Парадоксальным выглядит возвратное движение, — в аспекте рождаемости оно наблюдается в двух формах: медленное снижение возраста вступления в брак и уменьшение интервалов между рождениями у хорошо питающегося населения. Демографический рост не предшествует продвижению технологической границы, а сопровождает его. Главная особенность английской формы развития — сохранившаяся изменчивость такой модели семьи. Глубинная причина этого отличия в поведении коренится в психологическом климате французского предмальтузианства. Вместо тактической уловки, временного отступления сельская Франция прибегла к переоценке ценностей, которая привела к формированию чувства вины по отношению к нормальному акту воспроизводства. Структура общества, сохранение во Франции мелкого крестьянского землевладения, небольшое несовпадение во времени открытия технологической границы способствовали закреплению этого различия. Тем не менее отличие Франции и ее окраин от Англии проявлялось только в течение 20 лет, предшествовавших революции. По большому счету все происходит в 1770–1790 годы.

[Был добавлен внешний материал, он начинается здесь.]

lemma subset_princ_plus: "I \<subseteq> princ_plus a I"
  unfolding princ_plus_def by (auto intro: exI[where x = 0])

lemma coset_eq_iff:
  assumes I: "is_ideal I"
  shows "coset I x = coset I y \<longleftrightarrow> x - y \<in> I"
proof
  assume "coset I x = coset I y"
  then have "y \<in> coset I x"
    by (simp add: coset_def ideal_zero[OF I])
  then show "x - y \<in> I"
    by (simp add: coset_def ideal_diff_commute[OF I])
qed (auto simp: coset_def intro: ideal_diff_trans[OF I] ideal_diff_commute[OF I])

lemma coset_in_quot: "coset I x \<in> quot I"
  by (simp add: quot_def)

lemma image_plus_coset: "(\<lambda>x. x + y) ` coset I z = coset I (z + y)"
  unfolding coset_def
  by (auto simp: image_iff intro!: exI[where x = "_ - y"]) (auto simp: algebra_simps)

definition coset_repr :: "'a set \<Rightarrow> 'a" where
  "coset_repr c = (SOME x. x \<in> c)"

lemma coset_repr_diff: "is_ideal I \<Longrightarrow> coset_repr (coset I x) - x \<in> I"
  using someI[of "\<lambda>y. y \<in> coset I x" x]
  by (simp add: coset_repr_def coset_def ideal_zero)

lemma coset_coset_repr: "is_ideal I \<Longrightarrow> c \<in> quot I \<Longrightarrow> coset I (coset_repr c) = c"
  unfolding quot_def using coset_repr_diff coset_eq_iff by fastforce

text \<open>Lagrange's theorem for \<open>K/I \<subseteq> R/I\<close>, with \<open>R/K\<close> presented as the image of \<open>g\<close>.\<close>

lemma card_quot_eq_mult:
  fixes I K :: "'a::comm_ring_1 set" and g :: "'a \<Rightarrow> 'b"
  assumes I: "is_ideal I" and fin: "finite (quot I)" and IK: "I \<subseteq> K"
    and g: "\<And>x y. g x = g y \<longleftrightarrow> x - y \<in> K"
  shows "card (quot I) = card (coset I ` K) * card (range g)"
proof -
  define \<Phi> where "\<Phi> c = g (coset_repr c)" for c
  have \<Phi>_coset: "\<Phi> (coset I y) = g y" for y
    unfolding \<Phi>_def using g IK coset_repr_diff[OF I, of y] by blast
  have range_g: "range g = \<Phi> ` quot I"
    unfolding quot_def using \<Phi>_coset by (auto simp: image_iff)
  have fibre: "{c \<in> quot I. \<Phi> c = g y} = image (\<lambda>x. x + y) ` (coset I ` K)" for y
  proof -
    have "{c \<in> quot I. \<Phi> c = g y} = coset I ` ((\<lambda>x. x + y) ` K)"
      unfolding quot_def using \<Phi>_coset g by (auto simp: image_iff intro!: bexI[where x = "_ - y"])
    then show ?thesis
      by (simp add: image_image image_plus_coset)
  qed
  have card_fibre: "card {c \<in> quot I. \<Phi> c = z} = card (coset I ` K)" if z: "z \<in> range g" for z
  proof -
    obtain y where "z = g y"
      using z by blast
    moreover have "inj_on (image (\<lambda>x. x + y)) (coset I ` K)"
      by (rule inj_onI) (simp add: inj_image_eq_iff inj_def)
    ultimately show ?thesis
      using fibre by (simp add: card_image)
  qed
  have "quot I = (\<Union>z \<in> range g. {c \<in> quot I. \<Phi> c = z})"
    using range_g by auto
  also have "card \<dots> = (\<Sum>z \<in> range g. card {c \<in> quot I. \<Phi> c = z})"
    using fin range_g by (intro card_UN_disjoint) auto
  finally show ?thesis
    using card_fibre by simp
qed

В XVIII веке население Франции выросло на 7 млн. человек, из них 1 млн. — за счет завоеваний; какими бы маленькими ни казались цифры прироста, это все же в три раза больше, чем в Англии в 1700–1789 годах, и в полтора раза больше, чем на всех Британских островах. Понятно, что это неравенство ускользнуло от внимания людей XVIII века, больше привыкших считать суммы, а не пропорции. Франция выросла на целую Англию — этот факт поражал воображение. «Относительный прирост за 90 лет составил порядка 32 %, что соответствует всего 3 % в год». Больше 3/4 этой прибавки пришлись на 1730–1770 годы. На протяжении примерно 30 лет темпы роста держались на уровне 6 %. В 1772–1773 и в 1779–1783 годах все рухнуло. Рост 1730–1770 годов был ростом по английскому образцу, обеспечивавшим скорее качественную, чем количественную прибавку. Но слишком ранний всплеск рождаемости свел все достижения на нет. С наступлением тяжелых десятилетий 1770-х и 1780-х годов (самое обычное изменение конъюнктуры к худшему) непрочное равновесие французского подъема разлетелось вдребезги. У Франции больше не было необходимого запаса прочности. С 1750 по 1770 год цифры колебались от 7,8 до 10,7 %; в 1789–1794 годах уровень рождаемости в 37,7 % едва превышал уровень смертности, подскочивший с 31,4 % (вполне приличный, почти скандинавский показатель) до 36 %.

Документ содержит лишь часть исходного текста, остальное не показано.